Cells were grown overnight in minimal medium to mid-log phase. Cells were resuspended in fresh medium at a density of 1 A600/ml and incubated at room temperature for 10 min before pulse-labeling with Expre35S35S (0.4 mCi/A600 cells) (PerkinElmer Life Sciences). Cells were labeled for 5 min before chase with an equal volume of synthetic complete (SC) medium supplemented with 20 mm methionine and cysteine. At various times of chase, aliquots were removed and added to 10 mm azide on ice. Lysate was prepared by vortexing with glass beads (27), and immunoprecipitations were normalized to acid-precipitable cpm. Immunoprecipitations with anti-Pma1, anti-carboxypeptidase Y (CPY, Rockland Immunochemicals), or anti-carboxypeptidase S (CPS, Scott Emr, Cornell University) antibodies were analyzed by SDS-PAGE and fluorography.
Cells bearing GFP constructs were grown to mid-log in SC medium, harvested, and visualized with an Olympus fluorescence microscope equipped with a fluorescein isothiocyanate (FITC) filter. For indirect immunofluorescence staining, cells were fixed, permeabilized, and stained with monoclonal anti-HA (Covance) and CY3-conjuncated secondary antibody (Jackson ImmunoResearch), as described previously (29); fluorescence was visualized with a Texas Red filter. Fluorescence and differential interference contrast (DIC) images were collected with a Hamamatsu Orca CCD camera.

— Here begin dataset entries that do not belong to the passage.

(* Let $G=(V,E)$ be a finite undirected graph that is triangle-full and 4-clique-free. For $v\in V$ let $N[v]=\{v\}\cup\{v'\in V:\{v,v'\}\in E\}$, let $L_v=(V^*vv)^\omega\cup(V^*(V\setminus N[v]))^\omega\subseteq V^\omega$, and $L_G=\bigcap_{v\in V}L_v$. If there exists a (possibly non-deterministic) complete generalised Büchi automaton over the input alphabet $V$ with three states recognising $L_G$, then $G$ is 3-colourable.
   Context: A finite undirected graph is $G=(V,E)$ with $V$ finite and $E$ a set of 2-element subsets of $V$. A $k$-clique is a set of $k$ pairwise adjacent vertices; $G$ is triangle-full if every vertex lies in a 3-clique, and 4-clique-free if it has no 4-clique. A 3-colouring is a map $c:V\to\{1,2,3\}$ with $c(v)\ne c(v')$ whenever $\{v,v'\}\in E$. For sets $X,Y$ of letters, $(X^*Y)^\omega$ denotes infinite concatenations of words from $X^*Y$. An automaton is a tuple $(Q,\Sigma,q_{\mathrm{init}},\Delta,\Gamma,\mathrm{col},W)$ with finite state set, finite input alphabet $\Sigma$, initial state, transitions $\Delta\subseteq Q\times\Sigma\times Q$, output alphabet $\Gamma$, labelling $\mathrm{col}:\Delta\to\Gamma$, acceptance condition $W\subseteq\Gamma^\omega$. A run on $w=a_1a_2\cdots$ is a sequence $(q_0,a_1,q_1)(q_1,a_2,q_2)\cdots$ of transitions with $q_0=q_{\mathrm{init}}$, accepting if its label sequence is in $W$; the recognised language is the set of words with an accepting run. A generalised Büchi automaton with finite output colour set $C$ has $\Gamma=2^C$ and $W=\{x : \text{every } c\in C \text{ occurs in infinitely many letters of } x\}$. Complete: for every $(p,a)\in Q\times\Sigma$ there is at least one $q$ with $(p,a,q)\in\Delta$. *)

theory Defs
  imports Main
begin

definition finite_graph :: "'v set \<Rightarrow> 'v set set \<Rightarrow> bool" where
  "finite_graph V E \<longleftrightarrow> finite V \<and> (\<forall>e\<in>E. e \<subseteq> V \<and> card e = 2)"

definition is_clique :: "'v set set \<Rightarrow> 'v set \<Rightarrow> bool" where
  "is_clique E K \<longleftrightarrow> (\<forall>u\<in>K. \<forall>v\<in>K. u \<noteq> v \<longrightarrow> {u, v} \<in> E)"

definition is_k_clique :: "'v set \<Rightarrow> 'v set set \<Rightarrow> nat \<Rightarrow> 'v set \<Rightarrow> bool" where
  "is_k_clique V E k K \<longleftrightarrow> K \<subseteq> V \<and> card K = k \<and> is_clique E K"

definition triangle_full :: "'v set \<Rightarrow> 'v set set \<Rightarrow> bool" where
  "triangle_full V E \<longleftrightarrow> (\<forall>v\<in>V. \<exists>K. is_k_clique V E 3 K \<and> v \<in> K)"

definition four_clique_free :: "'v set \<Rightarrow> 'v set set \<Rightarrow> bool" where
  "four_clique_free V E \<longleftrightarrow> \<not> (\<exists>K. is_k_clique V E 4 K)"

definition three_colourable :: "'v set \<Rightarrow> 'v set set \<Rightarrow> bool" where
  "three_colourable V E \<longleftrightarrow>
     (\<exists>c :: 'v \<Rightarrow> nat. (\<forall>v\<in>V. c v \<in> {1, 2, 3}) \<and>
        (\<forall>v\<in>V. \<forall>v'\<in>V. {v, v'} \<in> E \<longrightarrow> c v \<noteq> c v'))"

definition closed_nbhd :: "'v set \<Rightarrow> 'v set set \<Rightarrow> 'v \<Rightarrow> 'v set" where
  "closed_nbhd V E v = {v} \<union> {v' \<in> V. {v, v'} \<in> E}"

text \<open>Infinite words are functions nat => letter. The omega-power of a set K of
  finite words is the set of infinite concatenations u0 u1 u2 ... of words from K.\<close>

definition omega_power :: "'a list set \<Rightarrow> (nat \<Rightarrow> 'a) set" where
  "omega_power K = {w. \<exists>p :: nat \<Rightarrow> nat. p 0 = 0 \<and> strict_mono p \<and>
                          (\<forall>n. map w [p n..<p (Suc n)] \<in> K)}"

definition star_concat :: "'a set \<Rightarrow> 'a list set \<Rightarrow> 'a list set" where
  "star_concat X Y = {u @ y | u y. set u \<subseteq> X \<and> y \<in> Y}"

definition lang_v :: "'v set \<Rightarrow> 'v set set \<Rightarrow> 'v \<Rightarrow> (nat \<Rightarrow> 'v) set" where
  "lang_v V E v =
     omega_power (star_concat V {[v, v]}) \<union>
     omega_power (star_concat V {[a] | a. a \<in> V - closed_nbhd V E v})"

text \<open>L_G as a subset of V^omega (for V empty the empty intersection is V^omega, which is empty).\<close>
definition lang_G :: "'v set \<Rightarrow> 'v set set \<Rightarrow> (nat \<Rightarrow> 'v) set" where
  "lang_G V E = {w. range w \<subseteq> V \<and> (\<forall>v\<in>V. w \<in> lang_v V E v)}"

definition is_gba :: "'q set \<Rightarrow> 'a set \<Rightarrow> 'q \<Rightarrow> ('q \<times> 'a \<times> 'q) set \<Rightarrow>
                      ('q \<times> 'a \<times> 'q \<Rightarrow> 'c set) \<Rightarrow> 'c set \<Rightarrow> bool" where
  "is_gba Q \<Sigma> qi \<Delta> col C \<longleftrightarrow> finite Q \<and> finite \<Sigma> \<and> qi \<in> Q \<and> \<Delta> \<subseteq> Q \<times> \<Sigma> \<times> Q \<and>
      finite C \<and> (\<forall>t\<in>\<Delta>. col t \<subseteq> C)"

definition gba_complete :: "'q set \<Rightarrow> 'a set \<Rightarrow> ('q \<times> 'a \<times> 'q) set \<Rightarrow> bool" where
  "gba_complete Q \<Sigma> \<Delta> \<longleftrightarrow> (\<forall>p\<in>Q. \<forall>a\<in>\<Sigma>. \<exists>q. (p, a, q) \<in> \<Delta>)"

definition is_run :: "'q \<Rightarrow> ('q \<times> 'a \<times> 'q) set \<Rightarrow> (nat \<Rightarrow> 'a) \<Rightarrow> (nat \<Rightarrow> 'q) \<Rightarrow> bool" where
  "is_run qi \<Delta> w r \<longleftrightarrow> r 0 = qi \<and> (\<forall>i. (r i, w i, r (Suc i)) \<in> \<Delta>)"

definition gb_accepting :: "('q \<times> 'a \<times> 'q \<Rightarrow> 'c set) \<Rightarrow> 'c set \<Rightarrow> (nat \<Rightarrow> 'a) \<Rightarrow> (nat \<Rightarrow> 'q) \<Rightarrow> bool" where
  "gb_accepting col C w r \<longleftrightarrow> (\<forall>c\<in>C. infinite {i. c \<in> col (r i, w i, r (Suc i))})"

definition gba_lang :: "'a set \<Rightarrow> 'q \<Rightarrow> ('q \<times> 'a \<times> 'q) set \<Rightarrow>
                        ('q \<times> 'a \<times> 'q \<Rightarrow> 'c set) \<Rightarrow> 'c set \<Rightarrow> (nat \<Rightarrow> 'a) set" where
  "gba_lang \<Sigma> qi \<Delta> col C =
     {w. range w \<subseteq> \<Sigma> \<and> (\<exists>r. is_run qi \<Delta> w r \<and> gb_accepting col C w r)}"

end

theory Submission
  imports Defs "HOL-Library.Omega_Words_Fun"
begin

text \<open>Call a state q L-cyclic (on_cycle D L q) if it lies on a cycle of transitions reading only
  letters from L. Suppose an accepted lasso reads only letters of the closed neighbourhood N[l].
  If all its states were (N[l] - {l})-cyclic, inserting such cycles before each of its transitions
  would give an accepted lasso whose word eventually reads only letters of N[l] and never l twice
  in a row, so it would not lie in L_l. For a vertex x of a triangle {x, a, b} the word (x x a a b b)^\<omega> lies in
  L_G because G has no 4-clique; an accepting lasso for it therefore yields states s_x, s_a, s_b
  that are {x, a, b}-cyclic but not {a, b}-, {x, b}- and {x, a}-cyclic respectively. A case
  analysis of complete transition relations on three states shows that these states are distinct,
  so they are all the states, and the {x}-cycle provided by completeness must pass through s_x.
  Hence every vertex v has a {v}-cyclic state that is not (N[v] - {v})-cyclic, adjacent vertices
  get different states, and the three states serve as colours.\<close>

abbreviation letter :: "'q \<times> 'a \<times> 'q \<Rightarrow> 'a" where
  "letter t \<equiv> fst (snd t)"

fun trans_path :: "('q \<times> 'a \<times> 'q) set \<Rightarrow> 'q \<Rightarrow> ('q \<times> 'a \<times> 'q) list \<Rightarrow> 'q \<Rightarrow> bool" where
  "trans_path D p [] q \<longleftrightarrow> p = q"
| "trans_path D p (t # ts) q \<longleftrightarrow> t \<in> D \<and> fst t = p \<and> trans_path D (snd (snd t)) ts q"

lemma trans_path_append:
  "trans_path D p (ts @ us) q \<longleftrightarrow> (\<exists>m. trans_path D p ts m \<and> trans_path D m us q)"
  by (induction ts arbitrary: p) auto

lemma trans_path_subset: "trans_path D p ts q \<Longrightarrow> set ts \<subseteq> D"
  by (induction ts arbitrary: p) auto

lemma trans_path_link:
  "trans_path D p ts q \<Longrightarrow> Suc i < length ts \<Longrightarrow> snd (snd (ts ! i)) = fst (ts ! Suc i)"
proof (induction ts arbitrary: p i)
  case (Cons t ts)
  then show ?case by (cases i; cases ts) auto
qed simp

lemma trans_path_replicate:
  "trans_path D q ts q \<Longrightarrow> trans_path D q (concat (replicate k ts)) q"
  by (induction k) (auto simp: trans_path_append)

lemma trans_path_rotate:
  assumes "trans_path D q (ts @ t # us) q"
  shows "trans_path D (fst t) (t # us @ ts) (fst t)"
  using assms by (auto simp: trans_path_append)

lemma trans_path_insert_loops:
  assumes "trans_path D p ts q" "\<forall>t\<in>set ts. trans_path D (fst t) (loop t) (fst t)"
  shows "trans_path D p (concat (map (\<lambda>t. loop t @ [t]) ts)) q"
  using assms by (induction ts arbitrary: p) (auto simp: trans_path_append)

For glucose deprivation prior to imaging, cells were pelleted, washed with water, and resuspended in SC medium with 2% raffinose for various times. For actin depolymerization, 10 μm latrunculin A (Lat-A, Sigma) was added for 3 h. Control cells received an equal volume of dimethyl sulfoxide.
Fractionation on Renografin density gradients was as described (30). RenoCal-76 (Bracco Diagnostics, Princeton, NJ) was substituted for Renografin-76. Fourteen fractions were collected and diluted 10-fold with buffer (50 mm Tris, pH 7.5, 1 mm EDTA), and membranes were pelleted by centrifugation at 100,000 × g for 1 h in a TLA 120.2 rotor and analyzed by Western blotting with anti-GFP (Covance). Fractionation of Gas1 and alkaline phosphatase (ALP), markers for plasma membrane and vacuole, was determined using antibodies from Howard Riezman (University of Geneva, Geneva, Switzerland) and Greg Payne (UCLA), respectively. Quantitation was performed using NIH Image on scanned Western blots.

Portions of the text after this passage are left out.